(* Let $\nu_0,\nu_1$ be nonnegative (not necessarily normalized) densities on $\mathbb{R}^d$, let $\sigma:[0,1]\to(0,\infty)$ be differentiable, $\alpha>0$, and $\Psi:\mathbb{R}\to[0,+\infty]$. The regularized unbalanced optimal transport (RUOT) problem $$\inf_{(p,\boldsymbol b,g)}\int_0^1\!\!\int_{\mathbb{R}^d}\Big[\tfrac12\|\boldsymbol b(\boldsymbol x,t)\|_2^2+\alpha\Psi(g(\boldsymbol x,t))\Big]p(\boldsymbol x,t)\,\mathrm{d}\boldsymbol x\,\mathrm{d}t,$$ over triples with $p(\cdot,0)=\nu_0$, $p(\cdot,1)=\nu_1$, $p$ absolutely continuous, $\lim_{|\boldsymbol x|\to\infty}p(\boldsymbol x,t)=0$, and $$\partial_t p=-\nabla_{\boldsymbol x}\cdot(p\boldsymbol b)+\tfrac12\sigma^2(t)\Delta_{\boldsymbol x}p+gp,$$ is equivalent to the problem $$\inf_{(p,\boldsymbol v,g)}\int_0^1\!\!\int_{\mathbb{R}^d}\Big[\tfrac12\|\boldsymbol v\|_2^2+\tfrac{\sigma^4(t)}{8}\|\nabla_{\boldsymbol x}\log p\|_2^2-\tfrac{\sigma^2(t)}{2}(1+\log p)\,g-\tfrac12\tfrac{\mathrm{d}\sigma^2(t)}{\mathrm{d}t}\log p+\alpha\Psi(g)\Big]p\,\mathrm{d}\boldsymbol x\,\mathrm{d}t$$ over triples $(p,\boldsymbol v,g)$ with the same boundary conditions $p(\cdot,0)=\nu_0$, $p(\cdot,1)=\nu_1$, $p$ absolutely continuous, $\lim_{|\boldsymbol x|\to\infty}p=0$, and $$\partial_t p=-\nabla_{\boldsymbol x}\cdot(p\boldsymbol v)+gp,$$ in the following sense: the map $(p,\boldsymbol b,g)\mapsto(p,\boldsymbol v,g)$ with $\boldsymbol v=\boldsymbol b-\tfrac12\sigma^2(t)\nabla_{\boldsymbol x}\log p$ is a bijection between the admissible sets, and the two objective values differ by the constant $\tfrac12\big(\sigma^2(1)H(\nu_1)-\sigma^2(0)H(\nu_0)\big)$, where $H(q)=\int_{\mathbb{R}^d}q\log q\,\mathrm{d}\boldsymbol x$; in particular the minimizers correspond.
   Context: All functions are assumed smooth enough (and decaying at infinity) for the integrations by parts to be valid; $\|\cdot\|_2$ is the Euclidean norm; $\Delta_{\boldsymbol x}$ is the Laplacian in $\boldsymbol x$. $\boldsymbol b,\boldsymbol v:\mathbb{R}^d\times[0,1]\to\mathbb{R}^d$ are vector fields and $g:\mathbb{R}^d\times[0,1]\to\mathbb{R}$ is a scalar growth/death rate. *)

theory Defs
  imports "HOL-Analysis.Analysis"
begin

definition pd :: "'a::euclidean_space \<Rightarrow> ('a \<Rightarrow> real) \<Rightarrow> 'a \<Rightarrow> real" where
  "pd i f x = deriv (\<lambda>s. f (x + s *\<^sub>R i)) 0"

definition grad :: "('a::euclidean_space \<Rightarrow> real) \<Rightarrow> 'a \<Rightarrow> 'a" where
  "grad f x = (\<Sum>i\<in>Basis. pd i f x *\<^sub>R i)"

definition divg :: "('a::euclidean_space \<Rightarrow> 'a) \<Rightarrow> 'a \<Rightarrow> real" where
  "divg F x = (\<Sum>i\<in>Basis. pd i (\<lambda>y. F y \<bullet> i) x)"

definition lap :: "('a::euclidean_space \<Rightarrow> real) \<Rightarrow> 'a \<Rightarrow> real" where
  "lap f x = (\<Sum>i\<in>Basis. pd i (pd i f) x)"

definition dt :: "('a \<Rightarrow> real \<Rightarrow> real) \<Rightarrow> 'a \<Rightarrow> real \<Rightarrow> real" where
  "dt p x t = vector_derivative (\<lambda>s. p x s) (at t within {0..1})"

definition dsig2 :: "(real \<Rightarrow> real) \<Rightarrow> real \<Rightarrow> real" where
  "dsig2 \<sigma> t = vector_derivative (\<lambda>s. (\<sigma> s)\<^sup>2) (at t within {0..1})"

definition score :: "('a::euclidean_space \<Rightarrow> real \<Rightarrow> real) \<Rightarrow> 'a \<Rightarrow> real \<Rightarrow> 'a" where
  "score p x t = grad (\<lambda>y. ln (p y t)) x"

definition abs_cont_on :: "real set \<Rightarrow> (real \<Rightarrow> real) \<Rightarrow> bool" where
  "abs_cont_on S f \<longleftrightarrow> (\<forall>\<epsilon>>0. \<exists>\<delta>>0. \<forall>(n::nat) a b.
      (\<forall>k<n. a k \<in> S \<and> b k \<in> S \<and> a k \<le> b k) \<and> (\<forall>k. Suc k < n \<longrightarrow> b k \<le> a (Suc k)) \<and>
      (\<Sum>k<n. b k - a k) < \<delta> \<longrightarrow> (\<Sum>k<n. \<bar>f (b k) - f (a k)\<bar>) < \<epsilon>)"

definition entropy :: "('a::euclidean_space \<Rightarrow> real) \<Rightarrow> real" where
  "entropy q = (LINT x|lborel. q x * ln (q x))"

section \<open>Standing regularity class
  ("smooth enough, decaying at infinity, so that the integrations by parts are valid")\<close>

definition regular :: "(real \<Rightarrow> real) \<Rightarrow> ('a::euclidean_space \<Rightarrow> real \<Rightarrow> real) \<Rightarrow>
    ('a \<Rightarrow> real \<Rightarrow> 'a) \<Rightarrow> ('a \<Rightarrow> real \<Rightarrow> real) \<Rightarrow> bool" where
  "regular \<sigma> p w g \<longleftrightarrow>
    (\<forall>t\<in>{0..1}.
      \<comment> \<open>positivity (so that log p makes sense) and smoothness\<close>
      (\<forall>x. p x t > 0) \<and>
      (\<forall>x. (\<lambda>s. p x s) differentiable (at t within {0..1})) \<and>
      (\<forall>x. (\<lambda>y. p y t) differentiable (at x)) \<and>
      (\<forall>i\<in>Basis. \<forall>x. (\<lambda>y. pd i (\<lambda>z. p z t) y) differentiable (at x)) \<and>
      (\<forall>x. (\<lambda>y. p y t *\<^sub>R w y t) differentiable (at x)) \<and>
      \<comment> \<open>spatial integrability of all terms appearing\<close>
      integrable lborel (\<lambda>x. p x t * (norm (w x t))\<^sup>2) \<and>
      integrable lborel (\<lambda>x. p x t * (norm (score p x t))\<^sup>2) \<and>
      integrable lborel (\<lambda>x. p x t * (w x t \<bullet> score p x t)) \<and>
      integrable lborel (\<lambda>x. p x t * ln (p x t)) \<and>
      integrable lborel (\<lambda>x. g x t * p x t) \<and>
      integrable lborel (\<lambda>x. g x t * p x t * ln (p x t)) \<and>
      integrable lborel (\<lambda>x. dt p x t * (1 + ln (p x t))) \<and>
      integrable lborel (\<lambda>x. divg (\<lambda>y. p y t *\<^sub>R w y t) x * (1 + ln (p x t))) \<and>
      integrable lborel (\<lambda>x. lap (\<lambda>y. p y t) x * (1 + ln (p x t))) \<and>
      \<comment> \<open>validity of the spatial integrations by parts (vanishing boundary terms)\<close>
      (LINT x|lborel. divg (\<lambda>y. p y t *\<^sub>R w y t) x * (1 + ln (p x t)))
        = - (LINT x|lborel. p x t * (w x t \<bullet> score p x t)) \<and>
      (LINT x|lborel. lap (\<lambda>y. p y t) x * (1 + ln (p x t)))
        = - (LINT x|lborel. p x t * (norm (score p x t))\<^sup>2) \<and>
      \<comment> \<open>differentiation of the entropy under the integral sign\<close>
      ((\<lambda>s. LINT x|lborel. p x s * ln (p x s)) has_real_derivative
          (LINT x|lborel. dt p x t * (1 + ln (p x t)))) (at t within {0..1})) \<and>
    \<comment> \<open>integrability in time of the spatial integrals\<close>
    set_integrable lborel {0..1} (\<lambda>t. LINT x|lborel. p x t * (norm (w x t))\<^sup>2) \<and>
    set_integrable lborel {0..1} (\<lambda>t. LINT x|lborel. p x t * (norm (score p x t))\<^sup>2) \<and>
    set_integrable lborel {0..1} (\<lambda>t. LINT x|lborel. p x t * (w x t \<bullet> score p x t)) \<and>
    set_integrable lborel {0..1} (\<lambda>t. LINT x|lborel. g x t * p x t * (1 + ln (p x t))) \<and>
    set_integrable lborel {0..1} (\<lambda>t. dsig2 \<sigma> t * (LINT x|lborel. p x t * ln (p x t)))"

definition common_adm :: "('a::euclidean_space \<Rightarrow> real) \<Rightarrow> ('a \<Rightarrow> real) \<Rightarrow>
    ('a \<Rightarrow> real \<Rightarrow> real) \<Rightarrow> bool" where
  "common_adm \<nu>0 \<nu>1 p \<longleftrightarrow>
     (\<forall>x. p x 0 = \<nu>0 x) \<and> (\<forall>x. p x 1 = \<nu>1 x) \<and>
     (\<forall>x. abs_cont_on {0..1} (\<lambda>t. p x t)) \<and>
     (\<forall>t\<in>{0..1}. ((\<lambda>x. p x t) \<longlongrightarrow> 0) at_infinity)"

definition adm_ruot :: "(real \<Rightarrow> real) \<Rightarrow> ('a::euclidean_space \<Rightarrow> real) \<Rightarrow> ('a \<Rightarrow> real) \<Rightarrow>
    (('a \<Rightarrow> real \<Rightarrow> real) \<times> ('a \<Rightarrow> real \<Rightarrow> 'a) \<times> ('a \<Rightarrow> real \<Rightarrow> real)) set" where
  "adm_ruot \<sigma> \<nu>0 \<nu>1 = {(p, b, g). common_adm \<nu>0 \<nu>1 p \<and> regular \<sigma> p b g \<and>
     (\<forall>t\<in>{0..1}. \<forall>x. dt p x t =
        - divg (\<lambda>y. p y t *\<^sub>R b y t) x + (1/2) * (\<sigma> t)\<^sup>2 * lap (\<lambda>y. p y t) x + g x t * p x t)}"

============

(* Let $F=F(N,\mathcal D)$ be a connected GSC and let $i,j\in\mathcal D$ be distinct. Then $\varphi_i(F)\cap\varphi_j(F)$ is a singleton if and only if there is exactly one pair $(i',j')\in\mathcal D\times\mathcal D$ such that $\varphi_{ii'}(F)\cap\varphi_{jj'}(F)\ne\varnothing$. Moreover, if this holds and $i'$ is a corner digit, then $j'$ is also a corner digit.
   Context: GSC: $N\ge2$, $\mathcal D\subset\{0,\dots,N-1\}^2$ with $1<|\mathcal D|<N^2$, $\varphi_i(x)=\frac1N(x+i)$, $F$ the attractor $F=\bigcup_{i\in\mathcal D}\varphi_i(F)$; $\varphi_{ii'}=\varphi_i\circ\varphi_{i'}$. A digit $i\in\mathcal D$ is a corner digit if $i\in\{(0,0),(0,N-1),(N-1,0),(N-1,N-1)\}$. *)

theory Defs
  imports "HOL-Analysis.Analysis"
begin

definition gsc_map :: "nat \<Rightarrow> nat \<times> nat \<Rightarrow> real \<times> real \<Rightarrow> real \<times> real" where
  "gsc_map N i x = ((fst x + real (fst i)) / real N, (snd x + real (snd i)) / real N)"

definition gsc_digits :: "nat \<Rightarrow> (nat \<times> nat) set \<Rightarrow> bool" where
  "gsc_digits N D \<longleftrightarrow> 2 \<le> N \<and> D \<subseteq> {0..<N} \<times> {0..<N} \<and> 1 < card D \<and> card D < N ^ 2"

============

From the material above, set down exactly the lines between the line holding "Context: GSC: $N\ge2$, $\mathcal" and the line holding "N D \<longleftrightarrow>", inclusive. Include nothing else.

- **Answer to this task**
   Context: GSC: $N\ge2$, $\mathcal D\subset\{0,\dots,N-1\}^2$ with $1<|\mathcal D|<N^2$, $\varphi_i(x)=\frac1N(x+i)$, $F$ the attractor $F=\bigcup_{i\in\mathcal D}\varphi_i(F)$; $\varphi_{ii'}=\varphi_i\circ\varphi_{i'}$. A digit $i\in\mathcal D$ is a corner digit if $i\in\{(0,0),(0,N-1),(N-1,0),(N-1,N-1)\}$. *)

theory Defs
  imports "HOL-Analysis.Analysis"
begin

definition gsc_map :: "nat \<Rightarrow> nat \<times> nat \<Rightarrow> real \<times> real \<Rightarrow> real \<times> real" where
  "gsc_map N i x = ((fst x + real (fst i)) / real N, (snd x + real (snd i)) / real N)"

definition gsc_digits :: "nat \<Rightarrow> (nat \<times> nat) set \<Rightarrow> bool" where
  "gsc_digits N D \<longleftrightarrow> 2 \<le> N \<and> D \<subseteq> {0..<N} \<times> {0..<N} \<and> 1 < card D \<and> card D < N ^ 2"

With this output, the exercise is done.